You can scale out your app to multiple containers by adding autoscaling.

Scaling Horizontally (Adding More Containers)

When you deploy a Task Queue or endpoint, Beam creates a queueing system that manages each task that’s created when your API is called.

You can configure how Beam will scale based on how many things are in the task queue.

Scale by Queue Depth

Our simplest autoscaling strategy allows you to scale by the number of tasks in the queue.

This allows you to control how many tasks each container can process before scaling up. For example, you could setup an autoscaler to run 30 tasks per container. When you pass 30 tasks in your queue, we will add a container. When you pass 60, we’ll add another containers (up until max_containers is reached).

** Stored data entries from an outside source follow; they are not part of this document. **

lemma meet_properly_block_0:
  assumes "e \<in> (SIGMA t:{..<6}. jumps t)" "f \<in> (SIGMA t:{..<18}. jumps t)" "e \<noteq> f"
  shows "meet_properly e f"
proof -
  define a b p q where "a = vertex_pos (fst e)" and "b = vertex_pos (fst e + snd e)"
    and "p = vertex_pos (fst f)" and "q = vertex_pos (fst f + snd f)"
  have segs: "edge_seg e = closed_segment a b" "edge_seg f = closed_segment p q"
    by (simp_all add: edge_seg_def a_def b_def p_def q_def)
  have "same_side a b p q \<or> same_side p q a b \<or>
      cross2 (b - a) (q - p) \<noteq> 0 \<and> (ends e \<inter> ends f \<noteq> {} \<or> crossing_pair e f)"
    using bspec[OF bspec[OF base_edges_meet assms(1)] assms(2)] assms(3)
    unfolding a_def b_def p_def q_def Let_def by blast
  then consider "edge_seg e \<inter> edge_seg f = {}"
    | "\<exists>z. edge_seg e \<inter> edge_seg f \<subseteq> {z}" "ends e \<inter> ends f \<noteq> {}"
    | "\<exists>z. edge_seg e \<inter> edge_seg f \<subseteq> {z}" "crossing_pair e f"
    unfolding segs using same_side_closed_segments_disjoint closed_segments_Int_subsingleton
    by (metis Int_commute)
  then show ?thesis
  proof cases
    case 2
    then obtain z c where z: "edge_seg e \<inter> edge_seg f \<subseteq> {z}" and c: "c \<in> ends e \<inter> ends f"
      by blast
    have "vertex_pos c \<in> edge_seg e \<inter> edge_seg f"
      using c by (auto simp: ends_def edge_seg_def)
    then have "edge_seg e \<inter> edge_seg f \<subseteq> vertex_pos ` (ends e \<union> ends f)"
      using z c by blast
    then show ?thesis
      by (simp add: meet_properly_def)
  qed (auto simp: meet_properly_def)
qed

lemma edges_meet_properly:
  assumes "snd e \<in> jumps (fst e)" "snd f \<in> jumps (fst f)" "e \<noteq> f"
  shows "meet_properly e f"
proof -
  have "meet_properly e f"
    if "snd e \<in> jumps (fst e)" "snd f \<in> jumps (fst f)" "e \<noteq> f" "fst e div 6 \<le> fst f div 6" for e f
  proof (cases "fst e div 6 + 3 \<le> fst f div 6")
    case True
    then have "edge_seg e \<inter> edge_seg f = {}"
      using edge_segs_far_disjoint[of "snd e" "fst e" "snd f" "fst f"] that(1,2) by simp
    then show ?thesis
      by (simp add: meet_properly_def)
  next
    case False
    define q where "q = fst e div 6"
    define e0 f0 where "e0 = (fst e - 6 * q, snd e)" and "f0 = (fst f - 6 * q, snd f)"
    have e: "e = shift q e0" "fst e0 < 6"
      unfolding e0_def q_def shift_def by (simp_all add: prod_eq_iff)
    have "(fst f - 6 * q) div 6 = fst f div 6 - q" "f = shift q f0"
      using block_offset[of q "fst f"] that(4) unfolding f0_def q_def shift_def
      by (simp_all add: prod_eq_iff)
    then have f: "f = shift q f0" "fst f0 < 18"
      using False unfolding f0_def q_def by simp_all linarith
    have "e0 \<in> (SIGMA t:{..<6}. jumps t)" "f0 \<in> (SIGMA t:{..<18}. jumps t)" "e0 \<noteq> f0"
      using e f that(1-3) by (auto simp: mem_Sigma_jumps shift_def)
    then show ?thesis
      unfolding e(1) f(1) meet_properly_shift by (rule meet_properly_block_0)
  qed
  then show ?thesis
    using assms meet_properly_sym by (metis nat_le_linear)
qed

definition spiral_edges :: "nat \<Rightarrow> nat set set" where
  "spiral_edges n = ends ` {e. snd e \<in> jumps (fst e) \<and> fst e + snd e < n}"

definition edge_path :: "nat set \<Rightarrow> real \<Rightarrow> real \<times> real" where
  "edge_path s = linepath (vertex_pos (Min s)) (vertex_pos (Max s))"

lemma spiral_edgesE:
  assumes "s \<in> spiral_edges n"
  obtains e where "s = ends e" "snd e \<in> jumps (fst e)" "fst e + snd e < n"
  using assms unfolding spiral_edges_def by blast

lemma Min_ends: "0 < snd e \<Longrightarrow> Min (ends e) = fst e"
  by (simp add: ends_def min_def)

lemma Max_ends: "0 < snd e \<Longrightarrow> Max (ends e) = fst e + snd e"
  by (simp add: ends_def max_def)

lemma ends_eq_iff: "0 < snd e \<Longrightarrow> 0 < snd f \<Longrightarrow> ends e = ends f \<longleftrightarrow> e = f"
  by (metis Max_ends Min_ends add_left_cancel prod_eq_iff)

lemma edge_path_ends:
  assumes "0 < snd e"
  shows "arc (edge_path (ends e))" "pathstart (edge_path (ends e)) = vertex_pos (fst e)"
    "pathfinish (edge_path (ends e)) = vertex_pos (fst e + snd e)"
    "path_image (edge_path (ends e)) = edge_seg e"
proof -
  have "vertex_pos (fst e) \<noteq> vertex_pos (fst e + snd e)"
    using assms injD[OF inj_vertex_pos] by fastforce
  then show "arc (edge_path (ends e))" "pathstart (edge_path (ends e)) = vertex_pos (fst e)"
    "pathfinish (edge_path (ends e)) = vertex_pos (fst e + snd e)"
    "path_image (edge_path (ends e)) = edge_seg e"
    using assms by (simp_all add: edge_path_def Min_ends Max_ends edge_seg_def)
qed
theorem proposition3p6:
  fixes M :: "('f, 'r, 'u) struc" and K :: "'k set"
    and X Y :: "nat set" and A :: "'u set" and p q :: "(nat \<Rightarrow> 'u) set set"
  assumes "monster M K"
    and "A \<subseteq> univ M" and "small K A"
    and "finite X" and "finite Y" and "X \<inter> Y = {}"
    and "complete_type M X (univ M) p" and "complete_type M Y (univ M) q"
    and "dom_D M X Y A p q"
  shows "dom_E M X Y A (dirac p) (dirac q)"
proof -
  let ?Z = "X \<union> Y" and ?U = "univ M"
  obtain r where r: "complete_type M ?Z A r"
    and p_in_r: "\<forall>D \<in> p \<inter> LL M X A. liftto M ?Z X D \<in> r"
    and r_forces_q: "\<forall>\<psi>\<in>q. \<exists>\<phi>\<in>p. \<exists>\<theta>\<in>r. liftto M ?Z X \<phi> \<inter> \<theta> \<subseteq> liftto M ?Z Y \<psi>"
    using assms(9) unfolding dom_D_def by blast
  have "meq M X A (marg M ?Z X (dirac r)) (dirac (p \<inter> LL M X A))"
    using p_in_r
    by (intro meq_dirac_if_type_full keisler_marg keisler_dirac[OF r]
        complete_type_restrict[OF assms(2,7)]) (auto simp: marg_def dirac_def)
  then have "meq M X A (marg M ?Z X (dirac r)) (dirac p)"
    by (simp add: meq_def dirac_def)
  moreover have "meq M Y ?U (marg M ?Z Y \<omega>) (dirac q)"
    if \<omega>: "keisler M ?Z ?U \<omega>" and \<omega>_r: "meq M ?Z A \<omega> (dirac r)"
      and \<omega>_p: "meq M X ?U (marg M ?Z X \<omega>) (dirac p)" for \<omega>
  proof (rule meq_dirac_if_type_full[OF keisler_marg[OF _ \<omega>] assms(8)])
    fix \<psi> assume "\<psi> \<in> q"
    then obtain \<phi> \<theta> where "\<phi> \<in> p" "\<theta> \<in> r"
      and \<phi>\<theta>_\<psi>: "liftto M ?Z X \<phi> \<inter> \<theta> \<subseteq> liftto M ?Z Y \<psi>"
      using r_forces_q by blast
    have \<phi>: "\<phi> \<in> LL M X ?U" and \<theta>: "\<theta> \<in> LL M ?Z A" and \<psi>: "\<psi> \<in> LL M Y ?U"
      using complete_type_subset_LL assms(7,8) r \<open>\<phi> \<in> p\<close> \<open>\<theta> \<in> r\<close> \<open>\<psi> \<in> q\<close> by blast+
    have "\<omega> (liftto M ?Z X \<phi>) = 1"
      using meq_dirac_eq_1[OF \<omega>_p assms(7) \<open>\<phi> \<in> p\<close>] unfolding marg_def .
    moreover have "\<omega> \<theta> = 1" using meq_dirac_eq_1[OF \<omega>_r r \<open>\<theta> \<in> r\<close>] .
    ultimately show "marg M ?Z Y \<omega> \<psi> = 1"
      unfolding marg_def using keisler_eq_1_if_Int_subset[OF \<omega> liftto_in_LL[OF _ \<phi>]
        subsetD[OF LL_mono[OF assms(2)] \<theta>] liftto_in_LL[OF _ \<psi>] _ _ \<phi>\<theta>_\<psi>] by simp
  qed simp
  ultimately show ?thesis
    unfolding dom_E_def using keisler_dirac[OF r] by blast
qed
text \<open>
  The events determined by finitely many \<open>Y\<^sub>k\<close> form an algebra \<open>U\<close>, and a tail event \<open>A\<close>
  is independent of each of them, because an event of \<open>\<sigma>(Y\<^sub>k, k \<le> n)\<close> is independent of
  \<open>\<sigma>(Y\<^sub>k, k \<ge> n + 1) \<ni> A\<close>. By continuity of \<open>\<mu>\<close>, the events \<open>B\<close> with
  \<open>\<mu>(B \<inter> A) = \<mu>(B) \<mu>(A)\<close> form a monotone class, so by the monotone class theorem they
  include \<open>\<sigma>(U)\<close>, which contains \<open>A\<close> and its complement. Hence \<open>\<mu>(A) = \<mu>(A)\<^sup>2\<close> and
  \<open>\<mu>(A\<^sup>c) \<mu>(A) = \<mu>(\<emptyset>) = 0\<close>.
  A capacity is not additive, so the Dynkin-system argument behind Kolmogorov's 0-1 law
  for probability measures is not available; the monotone class theorem only needs
  continuity.
\<close>

inductive_set monotone_closure :: "'a set set \<Rightarrow> 'a set set" for U where
  basic: "a \<in> U \<Longrightarrow> a \<in> monotone_closure U"
| incseq_UN: "(\<And>i. A i \<in> monotone_closure U) \<Longrightarrow> incseq A \<Longrightarrow>
    (\<Union>i::nat. A i) \<in> monotone_closure U"
| decseq_INT: "(\<And>i. A i \<in> monotone_closure U) \<Longrightarrow> decseq A \<Longrightarrow>
    (\<Inter>i::nat. A i) \<in> monotone_closure U"

lemma monotone_closure_compl:
  assumes "algebra \<Omega> U" "b \<in> monotone_closure U"
  shows "\<Omega> - b \<in> monotone_closure U"
  using assms(2)
proof induct
  case (basic a)
  then show ?case using assms(1) by (simp add: algebra.compl_sets monotone_closure.basic)
next
  case (incseq_UN A)
  have "\<Omega> - (\<Union>i. A i) = (\<Inter>i. \<Omega> - A i)" by auto
  moreover have "decseq (\<lambda>i. \<Omega> - A i)" using incseq_UN(3) by (auto simp: incseq_def decseq_def)
  ultimately show ?case using incseq_UN(2) by (metis monotone_closure.decseq_INT)
next
  case (decseq_INT A)
  have "\<Omega> - (\<Inter>i. A i) = (\<Union>i. \<Omega> - A i)" by auto
  moreover have "incseq (\<lambda>i. \<Omega> - A i)" using decseq_INT(3) by (auto simp: incseq_def decseq_def)
  ultimately show ?case using decseq_INT(2) by (metis monotone_closure.incseq_UN)
qed
lemma has_real_derivative_inner_right:
  assumes "(x has_vector_derivative x') F"
  shows "((\<lambda>s. inner u (x s)) has_real_derivative inner u x') F"
  unfolding has_field_derivative_def
  using has_derivative_inner_right[OF assms[unfolded has_vector_derivative_def], of u]
  by (rule has_derivative_eq_rhs) auto

lemma has_real_derivative_norm_squared:
  assumes "(x has_vector_derivative x') (at t within S)"
  shows "((\<lambda>s. (norm (x s))\<^sup>2) has_real_derivative 2 * inner (x t) x') (at t within S)"
proof -
  have x_deriv: "(x has_derivative (\<lambda>h. h *\<^sub>R x')) (at t within S)"
    using assms unfolding has_vector_derivative_def .
  have "((\<lambda>s. inner (x s) (x s)) has_derivative
      (\<lambda>h. inner (x t) (h *\<^sub>R x') + inner (h *\<^sub>R x') (x t))) (at t within S)"
    using has_derivative_inner[OF x_deriv x_deriv] .
  then show ?thesis
    unfolding has_field_derivative_def power2_norm_eq_inner
    by (rule has_derivative_eq_rhs) (auto simp: inner_commute fun_eq_iff)
qed

lemma has_real_derivative_norm:
  assumes "(x has_vector_derivative x') (at t within S)" "x t \<noteq> 0"
  shows "((\<lambda>s. norm (x s)) has_real_derivative inner (x t) x' / norm (x t)) (at t within S)"
  unfolding has_field_derivative_def
  using has_derivative_compose[OF assms(1)[unfolded has_vector_derivative_def]
      has_derivative_norm[OF assms(2)]]
  by (rule has_derivative_eq_rhs)
    (use assms(2) in \<open>auto simp: sgn_div_norm inner_commute fun_eq_iff field_simps\<close>)

lemma DERIV_nonpos_imp_le_initial:
  fixes f D :: "real \<Rightarrow> real"
  assumes deriv: "\<And>s. s \<ge> t0 \<Longrightarrow> (f has_real_derivative D s) (at s within {t0..})"
    and nonpos: "\<And>s. t0 < s \<Longrightarrow> s < t \<Longrightarrow> D s \<le> 0"
    and "t0 \<le> t"
  shows "f t \<le> f t0"
proof (rule DERIV_nonpos_imp_decreasing_open[OF \<open>t0 \<le> t\<close>])
  have "continuous_on {t0..} f"
    using deriv by (intro DERIV_continuous_on) auto
  then show "continuous_on {t0..t} f"
    by (rule continuous_on_subset) auto
next
  fix s assume "t0 < s" "s < t"
  then have "(f has_real_derivative D s) (at s)"
    using deriv[of s] at_within_interior[of s "{t0..}"] by simp
  with nonpos show "\<exists>y. (f has_real_derivative y) (at s) \<and> y \<le> 0"
    using \<open>t0 < s\<close> \<open>s < t\<close> by blast
qed
lemma abs_profile_sub_le: "\<bar>profile \<alpha> \<beta> x - \<alpha>\<bar> \<le> \<beta> * C0"
  using profile_eq[OF abs_beta_le, of \<alpha> x] \<beta>_pos
    abs_primitive_density_le[OF continuous_on_profile, of \<alpha> \<beta> x]
  by (simp add: abs_mult mult_left_mono)

lemma profile_bounds: "\<alpha> - \<beta> * C0 \<le> profile \<alpha> \<beta> x" "profile \<alpha> \<beta> x \<le> \<alpha> + \<beta> * C0"
  using abs_profile_sub_le[of x] by (simp_all add: abs_le_iff)

lemma bdd_range_profile: "bdd_above (range (profile \<alpha> \<beta>))" "bdd_below (range (profile \<alpha> \<beta>))"
  using profile_bounds by (auto intro!: bdd_aboveI[of _ "\<alpha> + \<beta> * C0"] bdd_belowI[of _ "\<alpha> - \<beta> * C0"])

lemma profile_tendsto_top: "(profile \<alpha> \<beta> \<longlongrightarrow> profile_top \<alpha> \<beta>) at_top"
  unfolding profile_top_def by (rule mono_tendsto_Sup_at_top[OF mono_profile bdd_range_profile(1)])

lemma profile_tendsto_bot: "(profile \<alpha> \<beta> \<longlongrightarrow> profile_bot \<alpha> \<beta>) at_bot"
  unfolding profile_bot_def by (rule mono_tendsto_Inf_at_bot[OF mono_profile bdd_range_profile(2)])

lemma profile_bot_le_top: "profile_bot \<alpha> \<beta> \<le> profile \<alpha> \<beta> x" "profile \<alpha> \<beta> x \<le> profile_top \<alpha> \<beta>"
  unfolding profile_bot_def profile_top_def using bdd_range_profile
  by (auto intro: cInf_lower cSup_upper)

lemma abs_profile_top_diff_le:
  assumes "0 \<le> x"
  shows "\<bar>profile \<alpha> \<beta> x - profile_top \<alpha> \<beta>\<bar> \<le> B * C0 * exp (- x)"
proof (rule abs_diff_limit_le_at_top[OF has_real_derivative_profile[OF abs_beta_le] _
      profile_tendsto_top])
  fix t
  assume "x \<le> t"
  then have "\<bar>density (profile \<alpha> \<beta>) t\<bar> \<le> C0 * exp (- t)"
    using assms density_le[OF continuous_on_profile, of \<alpha> \<beta> t] density_pos[of "profile \<alpha> \<beta>" t]
    by simp
  then show "\<bar>\<beta> * density (profile \<alpha> \<beta>) t\<bar> \<le> B * C0 * exp (- t)"
    using mult_mono[OF abs_beta_le] B_pos by (simp add: abs_mult mult.assoc)
qed

lemma abs_profile_bot_diff_le:
  assumes "x \<le> 0"
  shows "\<bar>profile \<alpha> \<beta> x - profile_bot \<alpha> \<beta>\<bar> \<le> B * C0 * exp x"
proof (rule abs_diff_limit_le_at_bot[OF has_real_derivative_profile[OF abs_beta_le] _
      profile_tendsto_bot])
  fix t
  assume "t \<le> x"
  then have "\<bar>density (profile \<alpha> \<beta>) t\<bar> \<le> C0 * exp t"
    using assms density_le[OF continuous_on_profile, of \<alpha> \<beta> t] density_pos[of "profile \<alpha> \<beta>" t]
    by simp
  then show "\<bar>\<beta> * density (profile \<alpha> \<beta>) t\<bar> \<le> B * C0 * exp t"
    using mult_mono[OF abs_beta_le] B_pos by (simp add: abs_mult mult.assoc)
qed

lemma profile_top_le: "profile_top \<alpha> \<beta> \<le> \<alpha> + \<beta> * C0"
  unfolding profile_top_def using profile_bounds by (intro cSup_least) auto

lemma profile_bot_ge: "\<alpha> - \<beta> * C0 \<le> profile_bot \<alpha> \<beta>"
  unfolding profile_bot_def using profile_bounds by (intro cInf_greatest) auto

lemma profile_bot_less: "profile_bot \<alpha> \<beta> < \<alpha>"
  using profile_increment_ge[of "-1" 0] profile_bot_le_top(1)[of "-1"] profile_0
    mult_pos_pos[OF \<beta>_pos c1_pos]
  by simp

lemma profile_top_greater: "\<alpha> < profile_top \<alpha> \<beta>"
  using profile_increment_ge[of 0 1] profile_bot_le_top(2)[of 1] profile_0
    mult_pos_pos[OF \<beta>_pos c1_pos]
  by simp

lemma profile_spread_ge: "2 * \<beta> * c1 \<le> profile_top \<alpha> \<beta> - profile_bot \<alpha> \<beta>"
  using profile_increment_ge[of "-1" 1] profile_bot_le_top[of "-1"] profile_bot_le_top[of 1] by simp

end

lemma continuous_on_profile_top:
  assumes S: "\<And>p. p \<in> S \<Longrightarrow> 0 < snd p \<and> snd p \<le> B"
  shows "continuous_on S (\<lambda>p. profile_top (fst p) (snd p))"
proof (rule continuous_on_if_tail_estimate[where A = "2 * B * C0" and L = "2 * (1 + C0)"
      and l = lam])
  fix p q :: "real \<times> real" and x :: real
  assume "p \<in> S" and "q \<in> S" and "0 \<le> x"
  then show "\<bar>profile_top (fst p) (snd p) - profile_top (fst q) (snd q)\<bar>
      \<le> 2 * B * C0 * exp (- x) + exp (lam * x) * (2 * (1 + C0)) * dist p q"
    using abs_profile_top_diff_le[where \<alpha> = "fst p" and \<beta> = "snd p" and x = x]
      abs_profile_top_diff_le[where \<alpha> = "fst q" and \<beta> = "snd q" and x = x]
      abs_profile_params_diff_le[of p q x] S[of p] S[of q]
    by (simp add: abs_le_iff)
qed (use B_pos C0_pos in auto)

lemma continuous_on_profile_bot:
  assumes S: "\<And>p. p \<in> S \<Longrightarrow> 0 < snd p \<and> snd p \<le> B"
  shows "continuous_on S (\<lambda>p. profile_bot (fst p) (snd p))"
proof (rule continuous_on_if_tail_estimate[where A = "2 * B * C0" and L = "2 * (1 + C0)"
      and l = lam])
  fix p q :: "real \<times> real" and x :: real
  assume "p \<in> S" and "q \<in> S" and "0 \<le> x"
  then show "\<bar>profile_bot (fst p) (snd p) - profile_bot (fst q) (snd q)\<bar>
      \<le> 2 * B * C0 * exp (- x) + exp (lam * x) * (2 * (1 + C0)) * dist p q"
    using abs_profile_bot_diff_le[where \<alpha> = "fst p" and \<beta> = "snd p" and x = "- x"]
      abs_profile_bot_diff_le[where \<alpha> = "fst q" and \<beta> = "snd q" and x = "- x"]
      abs_profile_params_diff_le[of p q "- x"] S[of p] S[of q]
    by (simp add: abs_le_iff)
qed (use B_pos C0_pos in auto)

definition spread :: "real \<times> real \<Rightarrow> real" where
  "spread p = profile_top (fst p) (snd p) - profile_bot (fst p) (snd p)"

definition param_box :: "real \<Rightarrow> real \<Rightarrow> (real \<times> real) set" where
  "param_box a b = {a..b} \<times> {(b - a) / (2 * C0)..B}"

text \<open>A fixed point of \<open>param_map a b\<close> is a parameter whose profile has spread \<open>b - a\<close> and
  bottom \<open>a\<close>.\<close>
definition param_map :: "real \<Rightarrow> real \<Rightarrow> real \<times> real \<Rightarrow> real \<times> real" where
  "param_map a b p = (a + (b - a) * (fst p - profile_bot (fst p) (snd p)) / spread p,
                      (b - a) * snd p / spread p)"

lemma param_box_snd:
  assumes "a < b" and "p \<in> param_box a b"
  shows "0 < snd p \<and> snd p \<le> B"
proof -
  have "0 < (b - a) / (2 * C0)"
    using assms(1) C0_pos by simp
  then show ?thesis
    using assms(2) by (auto simp: param_box_def)
qed

lemma spread_pos:
  assumes "a < b" and "p \<in> param_box a b"
  shows "spread p > 0"
proof -
  have "0 < snd p" "snd p \<le> B"
    using param_box_snd[OF assms] by auto
  then have "profile_bot (fst p) (snd p) < fst p" "fst p < profile_top (fst p) (snd p)"
    by (rule profile_bot_less profile_top_greater)+
  then show ?thesis
    unfolding spread_def by linarith
qed

lemma continuous_on_param_map:
  assumes "a < b"
  shows "continuous_on (param_box a b) (param_map a b)"
proof -
  have "continuous_on (param_box a b) spread"
    unfolding spread_def[abs_def]
    by (intro continuous_intros continuous_on_profile_top continuous_on_profile_bot
        param_box_snd[OF assms])
  moreover have "\<forall>p\<in>param_box a b. spread p \<noteq> 0"
    using spread_pos[OF assms] by fastforce
  ultimately show ?thesis
    unfolding param_map_def[abs_def]
    by (intro continuous_intros continuous_on_profile_bot param_box_snd[OF assms]) auto
qed

lemma param_map_into_box:
  assumes "a < b" and B_eq: "B = (b - a) / (2 * c1)" and p: "p \<in> param_box a b"
  shows "param_map a b p \<in> param_box a b"
proof -
  obtain \<alpha> \<beta> where p_eq: "p = (\<alpha>, \<beta>)"
    by fastforce
  have \<beta>: "0 < \<beta>" "\<beta> \<le> B"
    using param_box_snd[OF \<open>a < b\<close> p] p_eq by auto
  have D_pos: "spread p > 0"
    using spread_pos[OF \<open>a < b\<close> p] .
  have "2 * \<beta> * c1 \<le> spread p" and "spread p \<le> 2 * \<beta> * C0"
    using profile_spread_ge[OF \<beta>, of \<alpha>] profile_top_le[OF \<beta>, of \<alpha>] profile_bot_ge[OF \<beta>, of \<alpha>] p_eq
    by (auto simp: spread_def)
  have "profile_bot \<alpha> \<beta> < \<alpha>" and "\<alpha> < profile_top \<alpha> \<beta>"
    using profile_bot_less[OF \<beta>] profile_top_greater[OF \<beta>] by auto
  then have "0 \<le> (\<alpha> - profile_bot \<alpha> \<beta>) / spread p" and "(\<alpha> - profile_bot \<alpha> \<beta>) / spread p \<le> 1"
    using D_pos p_eq by (simp_all add: spread_def divide_le_eq)
  then have "0 \<le> (b - a) * ((\<alpha> - profile_bot \<alpha> \<beta>) / spread p)"
    and "(b - a) * ((\<alpha> - profile_bot \<alpha> \<beta>) / spread p) \<le> b - a"
    using \<open>a < b\<close> by (simp_all del: times_divide_eq_right add: mult_left_le)
  then have "a + (b - a) * (\<alpha> - profile_bot \<alpha> \<beta>) / spread p \<in> {a..b}"
    by simp
  moreover have "(b - a) / (2 * C0) \<le> (b - a) * \<beta> / spread p"
  proof -
    have "(b - a) / (2 * C0) = (b - a) * \<beta> / (2 * \<beta> * C0)"
      using \<beta> by simp
    also have "\<dots> \<le> (b - a) * \<beta> / spread p"
      using \<open>spread p \<le> 2 * \<beta> * C0\<close> D_pos \<open>a < b\<close> \<beta> by (intro divide_left_mono) auto
    finally show ?thesis .
  qed
  moreover have "(b - a) * \<beta> / spread p \<le> B"
  proof -
    have "(b - a) * \<beta> / spread p \<le> (b - a) * \<beta> / (2 * \<beta> * c1)"
      using \<open>2 * \<beta> * c1 \<le> spread p\<close> \<open>a < b\<close> \<beta> c1_pos D_pos by (intro divide_left_mono) auto
    also have "\<dots> = B"
      using \<beta> B_eq by simp
    finally show ?thesis .
  qed
  ultimately show ?thesis
    by (simp add: param_map_def param_box_def p_eq)
qed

from beam import QueueDepthAutoscaler, endpoint

autoscaling_config = QueueDepthAutoscaler(
    max_containers=5,
    tasks_per_container=30,
)

@endpoint(autoscaler=autoscaling_config)
def function():
    ...

Setting Always-On Containers

You can configure the number of containers running at baseline using the min_containers field.

By setting min_containers=1, 1 container will always remain running until the deployment is stopped.

If you redeploy an app that has min_containers set, make sure to explicitly stop the previous deployment versions in order to avoid running containers that you are no longer using.

from beam import endpoint, QueueDepthAutoscaler


@endpoint(
    autoscaler=QueueDepthAutoscaler(
        min_containers=1, max_containers=3, tasks_per_container=1
    ),
)
def handler():
    return {"success": "true"}